EXERCISE AIM:
Go through the entries below and print, exactly, the lines starting at the one with "theta1 - xhat" and ending at the one with "z)\<^sup>2 \<le> Df", keeping both ends and no others.

● ● ● ● ● ● ●

(* The dimension of $\sigma_r(\mathcal{M}_{n,d})$ is bounded above by the optimal value of the following integer linear program in the variables $c_1,\ldots,c_d\in\mathbb{Z}$: $$\text{maximize } c_1+c_2+\cdots+c_d-1$$ subject to $$0\le c_i\le nr\ \text{ for } i\in[d],\qquad \sum_{i\in S}c_i\le\sum_{\lambda\cap S\neq\emptyset}|N_\lambda|\ \text{ for all } S\subseteq[d].$$ Here the last sum ranges over the partitions $\lambda$ of $d$ of length at most $n$ having at least one part lying in $S$.
   Context: Work over $\mathbb{C}$. Let $[d]=\{1,\ldots,d\}$. The variety $\sigma_r(\mathcal{M}_{n,d})\subset\mathbb{P}^{\binom{n+d-1}{d}-1}$ is the Zariski closure of the image of $m_{i_1\cdots i_n}=\sum_{j=1}^r\mu^{(j)}_{1i_1}\cdots\mu^{(j)}_{ni_n}$ over all $(i_1,\ldots,i_n)\in\mathbb{Z}_{\ge0}^n$ with $\sum_k i_k=d$, with $\mu^{(j)}_{k0}=1$. For a partition $\lambda$ of $d$ with at most $n$ parts, $N_\lambda$ is the set of index vectors $(i_1,\ldots,i_n)\in\mathbb{Z}_{\ge 0}^n$ whose multiset of nonzero entries equals $\lambda$. *)

theory Defs
  imports Complex_Main "HOL-Library.Multiset" "HOL-Library.Extended_Nat"
begin

text \<open>Points of the affine space \<open>\<complex>^I\<close> (I finite) are functions vanishing outside I.\<close>
definition aff_space :: "'a set \<Rightarrow> ('a \<Rightarrow> complex) set" where
  "aff_space I = {x. \<forall>v. v \<notin> I \<longrightarrow> x v = 0}"

inductive_set polyfun :: "'a set \<Rightarrow> (('a \<Rightarrow> complex) \<Rightarrow> complex) set" for I where
  pf_const: "(\<lambda>x. c) \<in> polyfun I"
| pf_var: "v \<in> I \<Longrightarrow> (\<lambda>x. x v) \<in> polyfun I"
| pf_add: "f \<in> polyfun I \<Longrightarrow> g \<in> polyfun I \<Longrightarrow> (\<lambda>x. f x + g x) \<in> polyfun I"
| pf_mult: "f \<in> polyfun I \<Longrightarrow> g \<in> polyfun I \<Longrightarrow> (\<lambda>x. f x * g x) \<in> polyfun I"

definition zclosed :: "'a set \<Rightarrow> ('a \<Rightarrow> complex) set \<Rightarrow> bool" where
  "zclosed I A \<longleftrightarrow> (\<exists>F \<subseteq> polyfun I. A = {x \<in> aff_space I. \<forall>f\<in>F. f x = 0})"

definition zclosure :: "'a set \<Rightarrow> ('a \<Rightarrow> complex) set \<Rightarrow> ('a \<Rightarrow> complex) set" where
  "zclosure I A = \<Inter>{C. zclosed I C \<and> A \<subseteq> C}"

definition zirreducible :: "'a set \<Rightarrow> ('a \<Rightarrow> complex) set \<Rightarrow> bool" where
  "zirreducible I A \<longleftrightarrow> zclosed I A \<and> A \<noteq> {} \<and>
     (\<forall>B C. zclosed I B \<longrightarrow> zclosed I C \<longrightarrow> A \<subseteq> B \<union> C \<longrightarrow> A \<subseteq> B \<or> A \<subseteq> C)"

definition zdim :: "'a set \<Rightarrow> ('a \<Rightarrow> complex) set \<Rightarrow> enat" where
  "zdim I V = Sup {enat k | k. \<exists>Z :: nat \<Rightarrow> ('a \<Rightarrow> complex) set.
      (\<forall>i\<le>k. zirreducible I (Z i) \<and> Z i \<subseteq> V) \<and> (\<forall>i<k. Z i \<subset> Z (Suc i))}"

definition idx_set :: "nat \<Rightarrow> nat \<Rightarrow> nat list set" where
  "idx_set n d = {i. length i = n \<and> sum_list i = d}"

text \<open>Parametrization: \<open>mu j k i\<close> is \<mu>^{(j)}_{k i} (j \<in> [r], k \<in> [n], i \<in> [d]);
  the convention \<mu>^{(j)}_{k0} = 1 is built in.\<close>
definition mu_val :: "(nat \<Rightarrow> nat \<Rightarrow> nat \<Rightarrow> complex) \<Rightarrow> nat \<Rightarrow> nat \<Rightarrow> nat \<Rightarrow> complex" where
  "mu_val mu j k i = (if i = 0 then 1 else mu j k i)"

definition sigma_map :: "nat \<Rightarrow> nat \<Rightarrow> nat \<Rightarrow> (nat \<Rightarrow> nat \<Rightarrow> nat \<Rightarrow> complex) \<Rightarrow> nat list \<Rightarrow> complex" where
  "sigma_map n d r mu idx =
     (if idx \<in> idx_set n d
      then (\<Sum>j=1..r. \<Prod>k=1..n. mu_val mu j k (idx ! (k - 1)))
      else 0)"
(* Let $\lambda<\eta$, $\theta_k,z_k\in\mathbb{R}^d$ with $z_k\ne0$ and $\|z_k-\nabla f(\theta_k)\|\le(1-\eta)\|z_k\|$. Let $\alpha_k\in\mathbb{R}$, $\theta_{k+1}=\theta_k-\alpha_kz_k$, $\epsilon_k,\epsilon_{k+1}\ge0$, and $\tilde{x}(\theta_k),\tilde{x}(\theta_{k+1})$ with $\|\tilde{x}(\theta_j)-\hat{x}(\theta_j)\|\le\epsilon_j$ ($j=k,k+1$). Let $w_k=\|\nabla g(\tilde{x}(\theta_k))\|+\|\nabla g(\tilde{x}(\theta_{k+1}))\|$, $\bar{\epsilon}_k=\max\{\epsilon_k,\epsilon_{k+1}\}$ and $$s_k=\frac{1}{2L_{\nabla g}}\Big(\sqrt{w_k^2+\tfrac{L_{\nabla g}}{L_{\nabla f}}(\eta-\lambda)^2\|z_k\|^2}-w_k\Big).$$ If $\bar{\epsilon}_k\in[0,s_k)$, then $$\hat{s}_k=\sqrt{(\eta-\lambda)^2-\frac{4L_{\nabla f}(w_k\bar{\epsilon}_k+L_{\nabla g}\bar{\epsilon}_k^2)}{\|z_k\|^2}}$$ is a positive real number, the numbers $\underline{\alpha}_k=\frac{1}{L_{\nabla f}}(\eta-\lambda-\hat{s}_k)$, $\overline{\alpha}_k=\frac{1}{L_{\nabla f}}(\eta-\lambda+\hat{s}_k)$ satisfy $0\le\underline{\alpha}_k<\overline{\alpha}_k$, and if $\alpha_k\in[\underline{\alpha}_k,\overline{\alpha}_k]$ then $\psi(\alpha_k)\le0$. Moreover, viewing $\hat{s}_k,\underline{\alpha}_k,\overline{\alpha}_k$ as functions of $\bar{\epsilon}_k\in[0,s_k)$ with $w_k$ and $z_k$ fixed, $\hat{s}_k$ is monotonically decreasing in $\bar{\epsilon}_k$, $\lim_{\bar{\epsilon}_k\to0}\underline{\alpha}_k=0$ and $\lim_{\bar{\epsilon}_k\to0}\overline{\alpha}_k=\frac{2(\eta-\lambda)}{L_{\nabla f}}>0$.
   Context: Standing: $0<\eta<1$. $g:\mathbb{R}^n\to\mathbb{R}$ continuously differentiable with $L_{\nabla g}$-Lipschitz gradient, $L_{\nabla g}>0$; $\hat{x}(\theta)=\arg\min_xh(x,\theta)$ for a lower-level function $h$ strongly convex in $x$; $f(\theta)=g(\hat{x}(\theta))$ continuously differentiable with $L_{\nabla f}$-Lipschitz gradient, $L_{\nabla f}>0$. $\psi(\alpha_k)=\overline{U}(\tilde{x}(\theta_{k+1}),\epsilon_{k+1})-\underline{U}(\tilde{x}(\theta_k),\epsilon_k)+\lambda\alpha_k\|z_k\|^2$ with $\overline{U}(x,\epsilon)=g(x)+\|\nabla g(x)\|\epsilon+\frac{L_{\nabla g}}{2}\epsilon^2$, $\underline{U}(x,\epsilon)=g(x)-\|\nabla g(x)\|\epsilon-\frac{L_{\nabla g}}{2}\epsilon^2$. *)

theory Defs
  imports "HOL-Analysis.Analysis"
begin

definition strongly_convex :: "('b::real_normed_vector \<Rightarrow> real) \<Rightarrow> bool" where
  "strongly_convex h \<longleftrightarrow> (\<exists>mu>0. \<forall>x y. \<forall>t::real. 0 \<le> t \<and> t \<le> 1 \<longrightarrow>
      h (t *\<^sub>R x + (1 - t) *\<^sub>R y) \<le> t * h x + (1 - t) * h y - mu / 2 * t * (1 - t) * (norm (x - y))\<^sup>2)"

definition Ubar :: "('b \<Rightarrow> real) \<Rightarrow> ('b \<Rightarrow> 'b::real_normed_vector) \<Rightarrow> real \<Rightarrow> 'b \<Rightarrow> real \<Rightarrow> real" where
  "Ubar g Dg Lg x eps = g x + norm (Dg x) * eps + Lg / 2 * eps\<^sup>2"

definition Ulow :: "('b \<Rightarrow> real) \<Rightarrow> ('b \<Rightarrow> 'b::real_normed_vector) \<Rightarrow> real \<Rightarrow> 'b \<Rightarrow> real \<Rightarrow> real" where
  "Ulow g Dg Lg x eps = g x - norm (Dg x) * eps - Lg / 2 * eps\<^sup>2"

text \<open>psi(alpha_k) with theta_{k+1} given explicitly (theta1), theta_k = theta0.\<close>
definition psi :: "('b \<Rightarrow> real) \<Rightarrow> ('b \<Rightarrow> 'b::real_normed_vector) \<Rightarrow> real \<Rightarrow> real \<Rightarrow>
    ('a \<Rightarrow> 'b) \<Rightarrow> 'a \<Rightarrow> real \<Rightarrow> 'a \<Rightarrow> real \<Rightarrow> 'a::real_normed_vector \<Rightarrow> real \<Rightarrow> real" where
  "psi g Dg Lg lam xt theta1 eps1 theta0 eps0 z alpha =
     Ubar g Dg Lg (xt theta1) eps1 - Ulow g Dg Lg (xt theta0) eps0 + lam * alpha * (norm z)\<^sup>2"

definition shat :: "real \<Rightarrow> real \<Rightarrow> real \<Rightarrow> real \<Rightarrow> real \<Rightarrow> 'a::real_normed_vector \<Rightarrow> real \<Rightarrow> real" where
  "shat eta lam Lf Lg w z e =
     sqrt ((eta - lam)\<^sup>2 - 4 * Lf * (w * e + Lg * e\<^sup>2) / (norm z)\<^sup>2)"

definition alpha_low :: "real \<Rightarrow> real \<Rightarrow> real \<Rightarrow> real \<Rightarrow> real \<Rightarrow> 'a::real_normed_vector \<Rightarrow> real \<Rightarrow> real" where
  "alpha_low eta lam Lf Lg w z e = (eta - lam - shat eta lam Lf Lg w z e) / Lf"

definition alpha_up :: "real \<Rightarrow> real \<Rightarrow> real \<Rightarrow> real \<Rightarrow> real \<Rightarrow> 'a::real_normed_vector \<Rightarrow> real \<Rightarrow> real" where
  "alpha_up eta lam Lf Lg w z e = (eta - lam + shat eta lam Lf Lg w z e) / Lf"

end

theory Submission
  imports Defs
begin

text \<open>By the descent lemma \<open>\<bar>g y - g x - \<nabla>g x \<bullet> (y - x)\<bar> \<le> L/2 \<parallel>y - x\<parallel>\<^sup>2\<close>, the unknown value
  of \<open>g\<close> at the exact solution \<open>xhat \<theta>\<close> lies between \<open>Ulow\<close> and \<open>Ubar\<close> taken at the inexact
  solution \<open>xt \<theta>\<close>. Hence \<open>\<psi>(\<alpha>)\<close> is at most the exact change \<open>f \<theta>\<^sub>k\<^sub>+\<^sub>1 - f \<theta>\<^sub>k + \<lambda>\<alpha>\<parallel>z\<parallel>\<^sup>2\<close>
  plus the error \<open>2(w \<epsilon> + L\<^sub>g \<epsilon>\<^sup>2)\<close>, where \<open>\<epsilon> = max eps0 eps1\<close>. The descent lemma for \<open>f\<close> together
  with \<open>\<nabla>f \<theta>\<^sub>k \<bullet> z \<ge> \<eta>\<parallel>z\<parallel>\<^sup>2\<close> bounds this by a quadratic in \<open>\<alpha>\<close> with roots \<open>alpha_low\<close> and
  \<open>alpha_up\<close>; the bound on \<open>\<epsilon>\<close> is exactly the condition that its discriminant, a positive multiple
  of \<open>shat\<^sup>2\<close>, is positive.\<close>

lemma has_real_derivative_along_line:
  fixes g :: "'a::real_inner \<Rightarrow> real"
  assumes "GDERIV g (x + t *\<^sub>R v) :> D"
  shows "((\<lambda>t. g (x + t *\<^sub>R v)) has_real_derivative (v \<bullet> D)) (at t)"
proof -
  have "((\<lambda>t. x + t *\<^sub>R v) has_derivative (\<lambda>t. t *\<^sub>R v)) (at t)"
    by (auto intro!: derivative_eq_intros)
  from has_derivative_compose[OF this assms[unfolded gderiv_def]]
  show ?thesis
    by (simp add: o_def has_field_derivative_def inner_commute mult_commute_abs)
qed

lemma lipschitz_gradient_upper_bound:
  fixes g :: "'a::real_inner \<Rightarrow> real"
  assumes grad: "\<And>x. GDERIV g x :> Dg x" and lip: "L-lipschitz_on UNIV Dg"
  shows "g y \<le> g x + Dg x \<bullet> (y - x) + L / 2 * (norm (y - x))\<^sup>2"
proof -
  define v where "v = y - x"
  define \<phi> where "\<phi> t = g (x + t *\<^sub>R v) - t * (v \<bullet> Dg x) - L / 2 * t\<^sup>2 * (norm v)\<^sup>2" for t
  have \<phi>_deriv: "(\<phi> has_real_derivative v \<bullet> (Dg (x + t *\<^sub>R v) - Dg x) - L * t * (norm v)\<^sup>2) (at t)"
    for t
    unfolding \<phi>_def
    by (rule has_real_derivative_along_line[OF grad] derivative_eq_intros refl
        | simp add: inner_diff_right)+
  have "v \<bullet> (Dg (x + t *\<^sub>R v) - Dg x) \<le> L * t * (norm v)\<^sup>2" if "0 \<le> t" for t
  proof -
    have "v \<bullet> (Dg (x + t *\<^sub>R v) - Dg x) \<le> norm v * norm (Dg (x + t *\<^sub>R v) - Dg x)"
      by (rule norm_cauchy_schwarz)
    also have "\<dots> \<le> norm v * (L * norm (t *\<^sub>R v))"
      using lipschitz_onD[OF lip, of "x + t *\<^sub>R v" x] by (simp add: dist_norm mult_left_mono)
    also have "\<dots> = L * t * (norm v)\<^sup>2"
      using that by (simp add: power2_eq_square)
    finally show ?thesis .
  qed
  then have "\<phi> 1 \<le> \<phi> 0"
    by (intro deriv_nonpos_imp_antimono[OF \<phi>_deriv]) auto
  then show ?thesis
    by (simp add: \<phi>_def v_def inner_commute)
qed

lemma lipschitz_gradient_quadratic_bound:
  fixes g :: "'a::real_inner \<Rightarrow> real"
  assumes grad: "\<And>x. GDERIV g x :> Dg x" and lip: "L-lipschitz_on UNIV Dg"
  shows "\<bar>g y - g x - Dg x \<bullet> (y - x)\<bar> \<le> L / 2 * (norm (y - x))\<^sup>2"
proof -
  have "- g y \<le> - g x + (- Dg x) \<bullet> (y - x) + L / 2 * (norm (y - x))\<^sup>2"
    using lip by (intro lipschitz_gradient_upper_bound[of "\<lambda>x. - g x"] GDERIV_minus grad) simp
  with lipschitz_gradient_upper_bound[OF grad lip, of y x] show ?thesis
    unfolding abs_le_iff inner_minus_left by linarith
qed

lemma Ulow_le_le_Ubar:
  fixes g :: "'a::real_inner \<Rightarrow> real"
  assumes grad: "\<And>x. GDERIV g x :> Dg x" and lip: "L-lipschitz_on UNIV Dg"
    and approx: "norm (x - y) \<le> \<epsilon>"
  shows "Ulow g Dg L x \<epsilon> \<le> g y" and "g y \<le> Ubar g Dg L x \<epsilon>"
proof -
  have "\<bar>Dg x \<bullet> (y - x)\<bar> \<le> norm (Dg x) * \<epsilon>"
    using Cauchy_Schwarz_ineq2[of "Dg x" "y - x"] approx
    by (metis norm_minus_commute mult_left_mono norm_ge_zero order_trans)
  moreover have "L / 2 * (norm (y - x))\<^sup>2 \<le> L / 2 * \<epsilon>\<^sup>2"
    using lipschitz_on_nonneg[OF lip] approx
    by (intro mult_left_mono power_mono) (auto simp: norm_minus_commute)
  ultimately show "Ulow g Dg L x \<epsilon> \<le> g y" "g y \<le> Ubar g Dg L x \<epsilon>"
    using lipschitz_gradient_quadratic_bound[OF grad lip, of y x]
    unfolding Ulow_def Ubar_def abs_le_iff by linarith+
qed

lemma psi_le_decrease_plus_error:
  fixes g :: "'b::real_inner \<Rightarrow> real"
  assumes grad: "\<And>x. GDERIV g x :> Dg x" and lip: "L-lipschitz_on UNIV Dg"
    and approx0: "norm (xt theta0 - xhat theta0) \<le> eps0"
    and approx1: "norm (xt theta1 - xhat theta1) \<le> eps1"
    and "eps0 \<le> e" "eps1 \<le> e"
  shows "psi g Dg L lam xt theta1 eps1 theta0 eps0 z alpha
    \<le> g (xhat theta1) - g (xhat theta0) + lam * alpha * (norm z)\<^sup>2
      + 2 * ((norm (Dg (xt theta0)) + norm (Dg (xt theta1))) * e + L * e\<^sup>2)"
proof -
  have "0 \<le> eps0" "0 \<le> eps1" "0 \<le> L"
    using approx0 approx1 lipschitz_on_nonneg[OF lip] norm_ge_zero order_trans by blast+
  with \<open>eps0 \<le> e\<close> \<open>eps1 \<le> e\<close> have
    "norm (Dg (xt theta0)) * eps0 \<le> norm (Dg (xt theta0)) * e"
    "norm (Dg (xt theta1)) * eps1 \<le> norm (Dg (xt theta1)) * e"
    "L * eps0\<^sup>2 \<le> L * e\<^sup>2" "L * eps1\<^sup>2 \<le> L * e\<^sup>2"
    by (auto intro!: mult_left_mono power_mono)
  with Ulow_le_le_Ubar(1)[OF grad lip approx1] Ulow_le_le_Ubar(2)[OF grad lip approx0]
  show ?thesis
    unfolding psi_def Ubar_def Ulow_def by (simp add: algebra_simps)
qed

lemma sufficient_decrease:
  fixes f :: "'a::real_inner \<Rightarrow> real"
  assumes grad: "\<And>x. GDERIV f x :> Df x" and lip: "L-lipschitz_on UNIV Df"
    and direction: "norm (z - Df theta) \<le> (1 - eta) * norm z" and "0 \<le> alpha"
  shows "f (theta - alpha *\<^sub>R z) \<le> f theta - alpha * eta * (norm z)\<^sup>2 + L / 2 * alpha\<^sup>2 * (norm z)\<^sup>2"
proof -
  have "(z - Df theta) \<bullet> z \<le> (1 - eta) * norm z * norm z"
    using norm_cauchy_schwarz[of "z - Df theta" z] direction
    by (meson mult_right_mono norm_ge_zero order_trans)
  then have "eta * (norm z)\<^sup>2 \<le> Df theta \<bullet> z"
    by (simp add: inner_diff_left power2_norm_eq_inner[symmetric] power2_eq_square algebra_simps)
  then have "alpha * eta * (norm z)\<^sup>2 \<le> alpha * (Df theta \<bullet> z)"
    using \<open>0 \<le> alpha\<close> by (simp add: mult.assoc mult_left_mono)
  with lipschitz_gradient_upper_bound[OF grad lip, of "theta - alpha *\<^sub>R z" theta] show ?thesis
    by (simp add: power_mult_distrib)
qed

lemma shat_zero: "shat eta lam Lf Lg w z 0 = \<bar>eta - lam\<bar>"
  by (simp add: shat_def)

lemma shat_antimono:
  assumes "0 \<le> Lf" "0 \<le> Lg" "0 \<le> w" "0 \<le> e1" "e1 \<le> e2"
  shows "shat eta lam Lf Lg w z e2 \<le> shat eta lam Lf Lg w z e1"
proof -
  have "w * e1 + Lg * e1\<^sup>2 \<le> w * e2 + Lg * e2\<^sup>2"
    using assms by (intro add_mono mult_left_mono power_mono) auto
  then have "4 * Lf * (w * e1 + Lg * e1\<^sup>2) / (norm z)\<^sup>2 \<le> 4 * Lf * (w * e2 + Lg * e2\<^sup>2) / (norm z)\<^sup>2"
    using assms by (intro divide_right_mono mult_left_mono) auto
  then show ?thesis
    unfolding shat_def by (intro real_sqrt_le_mono) linarith
qed

lemma shat_pos:
  assumes "0 < Lf" "0 < Lg" "0 \<le> w" "z \<noteq> 0" "0 \<le> e"
    and e_less: "e < (sqrt (w\<^sup>2 + Lg / Lf * (eta - lam)\<^sup>2 * (norm z)\<^sup>2) - w) / (2 * Lg)"
  shows "0 < shat eta lam Lf Lg w z e"
proof -
  have "2 * Lg * e + w < sqrt (w\<^sup>2 + Lg / Lf * (eta - lam)\<^sup>2 * (norm z)\<^sup>2)"
    using e_less \<open>0 < Lg\<close> by (simp add: field_simps)
  moreover have "0 \<le> 2 * Lg * e + w"
    using assms by simp
  ultimately have "(2 * Lg * e + w)\<^sup>2 < w\<^sup>2 + Lg / Lf * (eta - lam)\<^sup>2 * (norm z)\<^sup>2"
    by (meson not_le real_le_lsqrt)
  then have "Lg * (4 * Lf * (w * e + Lg * e\<^sup>2)) < Lg * ((eta - lam)\<^sup>2 * (norm z)\<^sup>2)"
    using \<open>0 < Lf\<close> by (simp add: field_simps power2_eq_square)
  moreover have "0 < (norm z)\<^sup>2"
    using \<open>z \<noteq> 0\<close> by simp
  ultimately have "4 * Lf * (w * e + Lg * e\<^sup>2) / (norm z)\<^sup>2 < (eta - lam)\<^sup>2"
    using \<open>0 < Lg\<close> by (simp add: pos_divide_less_eq)
  then show ?thesis
    by (simp add: shat_def)
qed

lemma alpha_low_nonneg:
  assumes "lam \<le> eta" "0 < Lf" "0 \<le> Lg" "0 \<le> w" "0 \<le> e"
  shows "0 \<le> alpha_low eta lam Lf Lg w z e"
  using shat_antimono[of Lf Lg w 0 e eta lam z] assms
  unfolding alpha_low_def by (simp add: shat_zero)

lemma alpha_low_less_alpha_up_iff:
  assumes "0 < Lf"
  shows "alpha_low eta lam Lf Lg w z e < alpha_up eta lam Lf Lg w z e \<longleftrightarrow> 0 < shat eta lam Lf Lg w z e"
  using assms by (simp add: alpha_low_def alpha_up_def divide_less_cancel)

● ● ● ● ● ● ●

ANSWER FOR THE TASK:
    and approx1: "norm (xt theta1 - xhat theta1) \<le> eps1"
    and "eps0 \<le> e" "eps1 \<le> e"
  shows "psi g Dg L lam xt theta1 eps1 theta0 eps0 z alpha
    \<le> g (xhat theta1) - g (xhat theta0) + lam * alpha * (norm z)\<^sup>2
      + 2 * ((norm (Dg (xt theta0)) + norm (Dg (xt theta1))) * e + L * e\<^sup>2)"
proof -
  have "0 \<le> eps0" "0 \<le> eps1" "0 \<le> L"
    using approx0 approx1 lipschitz_on_nonneg[OF lip] norm_ge_zero order_trans by blast+
  with \<open>eps0 \<le> e\<close> \<open>eps1 \<le> e\<close> have
    "norm (Dg (xt theta0)) * eps0 \<le> norm (Dg (xt theta0)) * e"
    "norm (Dg (xt theta1)) * eps1 \<le> norm (Dg (xt theta1)) * e"
    "L * eps0\<^sup>2 \<le> L * e\<^sup>2" "L * eps1\<^sup>2 \<le> L * e\<^sup>2"
    by (auto intro!: mult_left_mono power_mono)
  with Ulow_le_le_Ubar(1)[OF grad lip approx1] Ulow_le_le_Ubar(2)[OF grad lip approx0]
  show ?thesis
    unfolding psi_def Ubar_def Ulow_def by (simp add: algebra_simps)
qed

lemma sufficient_decrease:
  fixes f :: "'a::real_inner \<Rightarrow> real"
  assumes grad: "\<And>x. GDERIV f x :> Df x" and lip: "L-lipschitz_on UNIV Df"
    and direction: "norm (z - Df theta) \<le> (1 - eta) * norm z" and "0 \<le> alpha"
  shows "f (theta - alpha *\<^sub>R z) \<le> f theta - alpha * eta * (norm z)\<^sup>2 + L / 2 * alpha\<^sup>2 * (norm z)\<^sup>2"
proof -
  have "(z - Df theta) \<bullet> z \<le> (1 - eta) * norm z * norm z"
    using norm_cauchy_schwarz[of "z - Df theta" z] direction
    by (meson mult_right_mono norm_ge_zero order_trans)
  then have "eta * (norm z)\<^sup>2 \<le> Df theta \<bullet> z"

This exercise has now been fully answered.